[Stored data entries]

------------------------------

lemma residue_supported_imp_monom_mult_pcompose:
  fixes p :: "'a::comm_semiring_1 poly"
  assumes supp: "residue_supported k (int r) p" and r: "r < k"
  shows "\<exists>P. poly P 0 = coeff p r \<and> p = monom 1 r * pcompose P (monom 1 k)"
proof -
  define P where "P = (\<Sum>i\<le>degree p. monom (coeff p (k * i + r)) i)"
  have coeff_P: "coeff P i = coeff p (k * i + r)" for i
  proof -
    have "coeff P i = (if i \<le> degree p then coeff p (k * i + r) else 0)"
      by (simp add: P_def coeff_sum coeff_monom)
    also have "\<dots> = coeff p (k * i + r)"
    proof (cases "i \<le> degree p")
      case False
      have "i \<le> k * i" using r by (cases k) auto
      then have "degree p < k * i + r" using False by linarith
      then show ?thesis using False by (simp add: coeff_eq_0)
    qed simp
    finally show ?thesis .
  qed
  have supp_mod: "d mod k = r" if "coeff p d \<noteq> 0" for d
    using supp that r unfolding residue_supported_def cong_int_iff by (simp add: cong_def)
  have "p = monom 1 r * pcompose P (monom 1 k)"
  proof (rule poly_eqI)
    fix d
    show "coeff p d = coeff (monom 1 r * pcompose P (monom 1 k)) d"
    proof (cases "r \<le> d \<and> k dvd (d - r)")
      case True
      then have "d = k * ((d - r) div k) + r" by simp
      then show ?thesis using True r by (auto simp: coeff_monom_mult coeff_pcompose_monom coeff_P)
    next
      case False
      have "coeff p d = 0"
      proof (rule ccontr)
        assume "coeff p d \<noteq> 0"
        then have "d mod k = r" by (rule supp_mod)
        then have "r \<le> d" "k dvd (d - r)"
          using mod_less_eq_dividend[of d k] minus_mod_eq_mult_div[of d k] by auto
        then show False using False by blast
      qed
      then show ?thesis using False r by (auto simp: coeff_monom_mult coeff_pcompose_monom)
    qed
  qed
  moreover have "poly P 0 = coeff p r" by (simp add: poly_0_coeff_0 coeff_P)
  ultimately show ?thesis by blast
qed

lemma order_0_monom_mult:
  fixes q :: "'a::idom poly"
  assumes "poly q 0 \<noteq> 0"
  shows "order 0 (monom 1 r * q) = r"
proof -
  have "q \<noteq> 0" using assms by auto
  then have "order 0 (monom 1 r * q) = order 0 (monom 1 r) + order 0 q"
    by (simp add: order_mult)
  then show ?thesis using assms by (simp add: order_0_monom order_root)
qed

declare Fpoly.simps [simp del]

lemma Fpoly_1: "k \<ge> 2 \<Longrightarrow> Fpoly k 1 = 1"
  by (subst Fpoly.simps) simp

lemma Fpoly_initial_zero: "k \<ge> 2 \<Longrightarrow> 2 - int k \<le> n \<Longrightarrow> n \<le> 0 \<Longrightarrow> Fpoly k n = 0"
  by (subst Fpoly.simps) simp

lemma Fpoly_up:
  "k \<ge> 2 \<Longrightarrow> n \<ge> 2 \<Longrightarrow> Fpoly k n = (\<Sum>j\<in>{1..k}. monom 1 (k - j) * Fpoly k (n - int j))"
  by (subst Fpoly.simps) simp

lemma Fpoly_down:
  "k \<ge> 2 \<Longrightarrow> n < 2 - int k \<Longrightarrow>
    Fpoly k n = Fpoly k (n + int k) - (\<Sum>j\<in>{1..k-1}. monom 1 j * Fpoly k (n + int j))"
  by (subst Fpoly.simps) simp

lemma Fpoly_rec:
  assumes k: "k \<ge> 2"
  shows "Fpoly k n = (\<Sum>j\<in>{1..k}. monom 1 (k - j) * Fpoly k (n - int j))"
proof (cases "n \<ge> 2")
  case True
  then show ?thesis using Fpoly_up k by simp
next
  case False
  have down: "Fpoly k (n - int k) =
      Fpoly k n - (\<Sum>j\<in>{1..k-1}. monom 1 j * Fpoly k (n - int k + int j))"
    using Fpoly_down[OF k, of "n - int k"] False by simp
  have reflect: "(\<Sum>j\<in>{1..k-1}. monom 1 (k - j) * Fpoly k (n - int j)) =
      (\<Sum>j\<in>{1..k-1}. monom 1 j * Fpoly k (n - int k + int j))"
    by (rule sum.reindex_bij_witness[of _ "\<lambda>j. k - j" "\<lambda>j. k - j"]) (auto simp: of_nat_diff)
  have "{1..k} = insert k {1..k-1}" using k by auto
  then show ?thesis using k reflect by (simp add: down)
qed

lemma Fpoly_three_term:
  assumes k: "k \<ge> 2"
  shows "Fpoly k (n - int k) = (1 + monom 1 k) * Fpoly k n - monom 1 1 * Fpoly k (n + 1)"
proof -
  define S where "S = (\<Sum>j\<in>{1..k-1}. monom 1 (k - j) * Fpoly k (n - int j))"
  have "{1..k} = insert k {1..k-1}" using k by auto
  then have rec_n: "Fpoly k n = Fpoly k (n - int k) + S"
    using Fpoly_rec[OF k, of n] k by (simp add: S_def)
  have peel_first: "(\<Sum>j\<in>{1..k}. g j) = g 1 + (\<Sum>j\<in>{1..k-1}. g (Suc j))" for g :: "nat \<Rightarrow> int poly"
  proof -
    have "{1..k} = insert 1 {Suc 1..Suc (k - 1)}" "1 \<notin> {Suc 1..Suc (k - 1)}" using k by auto
    then show ?thesis
      using sum.insert[of "{Suc 1..Suc (k - 1)}" 1 g] sum.shift_bounds_cl_Suc_ivl[of g 1 "k - 1"] by simp
  qed
  have "monom 1 1 * Fpoly k (n + 1) = monom 1 1 * (monom 1 (k - 1) * Fpoly k n
      + (\<Sum>j\<in>{1..k-1}. monom 1 (k - Suc j) * Fpoly k (n - int j)))"
    unfolding Fpoly_rec[OF k, of "n + 1"] peel_first by (simp add: algebra_simps)
  also have "\<dots> = monom 1 k * Fpoly k n + S"
    using k unfolding S_def distrib_left sum_distrib_left
    by (auto simp: mult.assoc[symmetric] mult_monom Suc_diff_Suc intro!: sum.cong)
  finally show ?thesis using rec_n by (simp add: algebra_simps)
qed

lemma Fpoly_residue_supported: "k \<ge> 2 \<Longrightarrow> residue_supported k (1 - n) (Fpoly k n)"
proof (induction k n rule: Fpoly.induct)
  case (1 k n)
  note k = \<open>k \<ge> 2\<close>
  consider "n = 1" | "2 - int k \<le> n \<and> n \<le> 0" | "n \<ge> 2" | "n < 2 - int k" by linarith
  then show ?case
  proof cases
    case 1
    then show ?thesis using k by (simp add: Fpoly_1 residue_supported_1)
  next
    case 2
    then show ?thesis using k by (simp add: Fpoly_initial_zero)
  next
    case up: 3
    have "residue_supported k (1 - n) (monom 1 (k - j) * Fpoly k (n - int j))" if j: "j \<in> {1..k}" for j
    proof (rule residue_supported_cong)
      have "residue_supported k (1 - (n - int j)) (Fpoly k (n - int j))"
        by (rule "1.IH"(1)) (use k up j in auto)
      then show "residue_supported k (1 - (n - int j) + int (k - j)) (monom 1 (k - j) * Fpoly k (n - int j))"
        by (rule residue_supported_monom_mult)
      show "[1 - (n - int j) + int (k - j) = 1 - n] (mod int k)"
        using j by (simp add: of_nat_diff cong_iff_dvd_diff)
    qed
    then show ?thesis
      unfolding Fpoly_up[OF k up] by (rule residue_supported_sum)
  next
    case down: 4
    have "[1 - (n + int k) = 1 - n] (mod int k)"
      by (simp add: cong_iff_dvd_diff)
    moreover have "residue_supported k (1 - (n + int k)) (Fpoly k (n + int k))"
      by (rule "1.IH"(2)) (use k down in auto)
    ultimately have "residue_supported k (1 - n) (Fpoly k (n + int k))"
      by (rule residue_supported_cong)
    moreover have "residue_supported k (1 - n) (monom 1 j * Fpoly k (n + int j))" if j: "j \<in> {1..k-1}" for j
    proof -
      have "residue_supported k (1 - (n + int j)) (Fpoly k (n + int j))"
        by (rule "1.IH"(3)) (use k down j in auto)
      from residue_supported_monom_mult[OF this, of j] show ?thesis by simp
    qed
    ultimately show ?thesis
      unfolding Fpoly_down[OF k down] by (intro residue_supported_diff residue_supported_sum)
  qed
qed

lemma int_rnk:
  assumes "k > 0"
  shows "int (rnk n k) = (1 - n) mod int k"
proof (cases "n > 0")
  case True
  have "(int k - 1) * (n - 1) = int k * (n - 1) + (1 - n)" by (simp add: algebra_simps)
  then show ?thesis using True assms by (simp add: rnk_def)
next
  case False
  then show ?thesis using assms by (simp add: rnk_def)
qed

lemma coeff_Fpoly_up:
  "k \<ge> 2 \<Longrightarrow> n \<ge> 2 \<Longrightarrow> coeff (Fpoly k n) d =
    (\<Sum>j\<in>{1..k}. if d < k - j then 0 else coeff (Fpoly k (n - int j)) (d - (k - j)))"
  by (simp add: Fpoly_up coeff_sum coeff_monom_mult cong: if_cong)

lemma coeff_Fpoly_nonneg: "k \<ge> 2 \<Longrightarrow> n \<ge> 2 - int k \<Longrightarrow> 0 \<le> coeff (Fpoly k n) d"
proof (induction k n arbitrary: d rule: Fpoly.induct)
  case (1 k n)
  note k = \<open>k \<ge> 2\<close>
  consider "n = 1" | "n \<le> 0" | "n \<ge> 2" by linarith
  then show ?case
  proof cases
    case 1
    then show ?thesis using k by (simp add: Fpoly_1 coeff_1)
  next
    case 2
    then show ?thesis using k "1.prems" by (simp add: Fpoly_initial_zero)
  next
    case up: 3
    have "0 \<le> coeff (Fpoly k (n - int j)) d'" if "j \<in> {1..k}" for j d'
      by (rule "1.IH"(1)) (use k up that in auto)
    then show ?thesis
      unfolding coeff_Fpoly_up[OF k up] by (intro sum_nonneg) auto
  qed
qed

------------------------------

• What you are asked to do:
Above are the records. Identify each line that contains the word "consider".

• Written solution:
  consider "n = 1" | "2 - int k \<le> n \<and> n \<le> 0" | "n \<ge> 2" | "n < 2 - int k" by linarith
  consider "n = 1" | "n \<le> 0" | "n \<ge> 2" by linarith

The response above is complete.